Remotesensing 08 00120 g006
In the San Cataldo district the direct correlation between the anthropogenic factor and registered LOS velocities is clear; highest subsidence rates are shown by building B which has the most recent age of construction (time interval of 2000 to 2003, based on orthophotographic interpretation) while building C, which is the oldest, shows lower velocities. Considering buildings with an age of construction previous to 1988, subsidence rates decrease to the values of 3.5–5 mm/year, which are the lowest recorded in this area.
The consolidation process is divided in two phases [59]: primary consolidation, in which the greatest settlements are recorded, and secondary consolidation, where only cohesive and organic soils can produce a smaller amount of compression. The end of the process is highly time-dependent and is modified by the cohesive layers’ thickness, hydraulic conductivity, and drainage conditions, as well as by time and magnitude of the load imposition. An example of this process is represented by building C, where the mean deformation time series show a decrease in the velocity value in the Envisat acquisition period (2003 to 2010), which is symptomatic of a slowdown in the consolidation process typical of the transition from primary to secondary phase.

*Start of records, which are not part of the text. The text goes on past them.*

lemma canon_truth:
  "w \<in> canon_worlds \<Longrightarrow> sat canon_frame (\<lambda>n. canon_ext (Atom n)) w \<phi> \<longleftrightarrow> \<phi> \<in> \<Union>w"
proof (induction \<phi> arbitrary: w)
  case (Atom n)
  then show ?case by (simp add: canon_ext_def)
next
  case Bot
  then show ?case using canon_worlds_prime unfolding prime_theory_def by simp
next
  case (And a b)
  then show ?case using iCB.theory_And_iff[OF canon_worlds_theory] by simp
next
  case (Or a b)
  then show ?case using iCB.prime_theory_Or_iff[OF canon_worlds_prime] by simp
next
  case (Imp a b)
  let ?V = "\<lambda>n. canon_ext (Atom n)"
  have "sat canon_frame ?V w (Imp a b)
      \<longleftrightarrow> (\<forall>v\<in>canon_worlds. \<Union>w \<subseteq> \<Union>v \<longrightarrow> sat canon_frame ?V v a \<longrightarrow> sat canon_frame ?V v b)"
    using Imp.prems unfolding sat.simps canon_frame_simps by simp
  also have "\<dots> \<longleftrightarrow> (\<forall>v\<in>canon_worlds. \<Union>w \<subseteq> \<Union>v \<longrightarrow> a \<in> \<Union>v \<longrightarrow> b \<in> \<Union>v)"
    by (rule ball_cong[OF refl]) (simp add: Imp.IH)
  also have "\<dots> \<longleftrightarrow> (\<forall>T. prime_theory iCB T \<longrightarrow> \<Union>w \<subseteq> T \<longrightarrow> a \<in> T \<longrightarrow> b \<in> T)"
    by (rule ball_canon_worlds)
  also have "\<dots> \<longleftrightarrow> Imp a b \<in> \<Union>w"
    by (rule iCB.prime_theory_Imp_iff[OF canon_worlds_prime[OF Imp.prems], symmetric])
  finally show ?case .
next
  case (Cond a b)
  let ?V = "\<lambda>n. canon_ext (Atom n)"
  have ext_a: "truth_set canon_frame ?V a = canon_ext a"
    using Cond.IH(1) unfolding canon_ext_def canon_frame_simps by blast
  have "sat canon_frame ?V w (Cond a b) \<longleftrightarrow> (\<forall>v\<in>canon_succ a w. sat canon_frame ?V v b)"
    using Cond.prems
    unfolding sat.simps(6) ext_a canon_frame_simps(3) canon_img_ext[OF Cond.prems] by blast
  also have "\<dots> \<longleftrightarrow> (\<forall>v\<in>canon_succ a w. b \<in> \<Union>v)"
    by (rule ball_cong[OF refl]) (simp add: Cond.IH(2) canon_succ_def)
  also have "\<dots> \<longleftrightarrow> canon_succ a w \<subseteq> canon_ext b"
    unfolding canon_ext_def canon_succ_def by blast
  also have "\<dots> \<longleftrightarrow> Cond a b \<in> \<Union>w"
    by (rule canon_succ_subset_ext_iff[OF Cond.prems])
  finally show ?case .
qed
text \<open>Hence the badly approximable set has holes of proportional size in every small ball:
  by Dirichlet's theorem \<open>x\<close> is very close to such a rational point \<open>h/(q*m)\<close>.\<close>

lemma badly_approximable_holes:
  assumes c: "0 < c" "c \<le> 1" and m: "m \<ge> 1" and e: "e > 0"
  shows "\<exists>\<rho>. 0 < \<rho> \<and> \<rho> < e \<and>
    ennreal (c/2) * emeasure lebesgue (ball x \<rho>) \<le> emeasure lebesgue (ball x \<rho> - badly_approximable c m)"
proof -
  obtain Q :: nat where Q: "2/e < real Q" using reals_Archimedean2 by blast
  then have "Q > 0" using e by (smt (verit) divide_pos_pos of_nat_0_less_iff)
  then obtain q :: nat and h :: int where q: "1 \<le> q" "q \<le> Q"
      and "\<bar>x - of_int h / (q * m)\<bar> < 1 / (q * m * Q)"
    using Dirichlet_rational_point m by (metis less_le_trans zero_less_one)
  define y0 where "y0 = of_int h / (q * m)"
  have xy0: "\<bar>x - y0\<bar> < 1 / (q * m * Q)" unfolding y0_def by fact
  define \<rho> where "\<rho> = 2 / (q * m * Q)"
  define r where "r = c / (q * m * Q)"
  have qm: "q * m \<ge> 1" using mult_mono[of 1 "real q" 1 m] q m by simp
  have pos: "q * m * Q > 0" using qm \<open>Q > 0\<close> by simp
  have "r \<le> c / (q^2 * m)"
    unfolding r_def using q c m \<open>Q > 0\<close>
    by (intro divide_left_mono) (auto simp: power2_eq_square intro!: mult_right_mono)
  then have "ball y0 r \<inter> badly_approximable c m = {}"
    using ball_avoids_badly_approximable[OF q(1), of m h c] m subset_ball[of r "c / (q^2 * m)" y0]
    unfolding y0_def by auto
  moreover have "ball y0 r \<subseteq> ball x \<rho>"
  proof -
    have "r \<le> 1 / (q * m * Q)" unfolding r_def using c pos by (simp add: divide_right_mono)
    then show ?thesis using xy0 unfolding \<rho>_def by (auto simp: dist_real_def)
  qed
  ultimately have sub: "ball y0 r \<subseteq> ball x \<rho> - badly_approximable c m" by blast
  have "\<rho> \<le> 2 / Q" unfolding \<rho>_def using qm \<open>Q > 0\<close>
    by (intro divide_left_mono) (auto simp: mult_le_cancel_right1)
  also have "\<dots> < e" using Q e \<open>Q > 0\<close> by (simp add: field_simps)
  finally have "\<rho> < e" .
  have "ennreal (c/2) * emeasure lebesgue (ball x \<rho>) = ennreal (c/2 * (2 * \<rho>))"
    using pos c unfolding \<rho>_def by (simp add: ball_eq_greaterThanLessThan ennreal_mult'[symmetric] mult_ac)
  also have "\<dots> = emeasure lebesgue (ball y0 r)"
    using pos c unfolding \<rho>_def r_def by (simp add: ball_eq_greaterThanLessThan mult_ac)
  also have "\<dots> \<le> emeasure lebesgue (ball x \<rho> - badly_approximable c m)"
    using sub closed_badly_approximable
    by (intro emeasure_mono sets_completionI_sets) (auto simp: sets_lborel)
  finally have "ennreal (c/2) * emeasure lebesgue (ball x \<rho>)
      \<le> emeasure lebesgue (ball x \<rho> - badly_approximable c m)" .
  moreover have "\<rho> > 0" using pos unfolding \<rho>_def by simp
  ultimately show ?thesis using \<open>\<rho> < e\<close> by blast
qed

The subsidence rate is still higher than 9 mm/year in some PS for two main reasons: the geotechnical characteristics of Units 1 and 2 (high compressibility, low hydraulic conductivity and high organic percentage) and the dimensions of the structure (occupied an area of around 30,000 m2 by the three floors of main building) that transfer a high load to the ground. On the other hand, building B shows a linear increasing negative trend between 2003 and 2010 with values coherent with a primary consolidation process which involves compressible organic-clayey layers as in Units 1 and 2. Building A shows lower LOS velocities than building B which is considered as a result of a consolidation process which began few years before building B was built (age of construction between 1996 and 2000 and after 2000 for building A and B, respectively).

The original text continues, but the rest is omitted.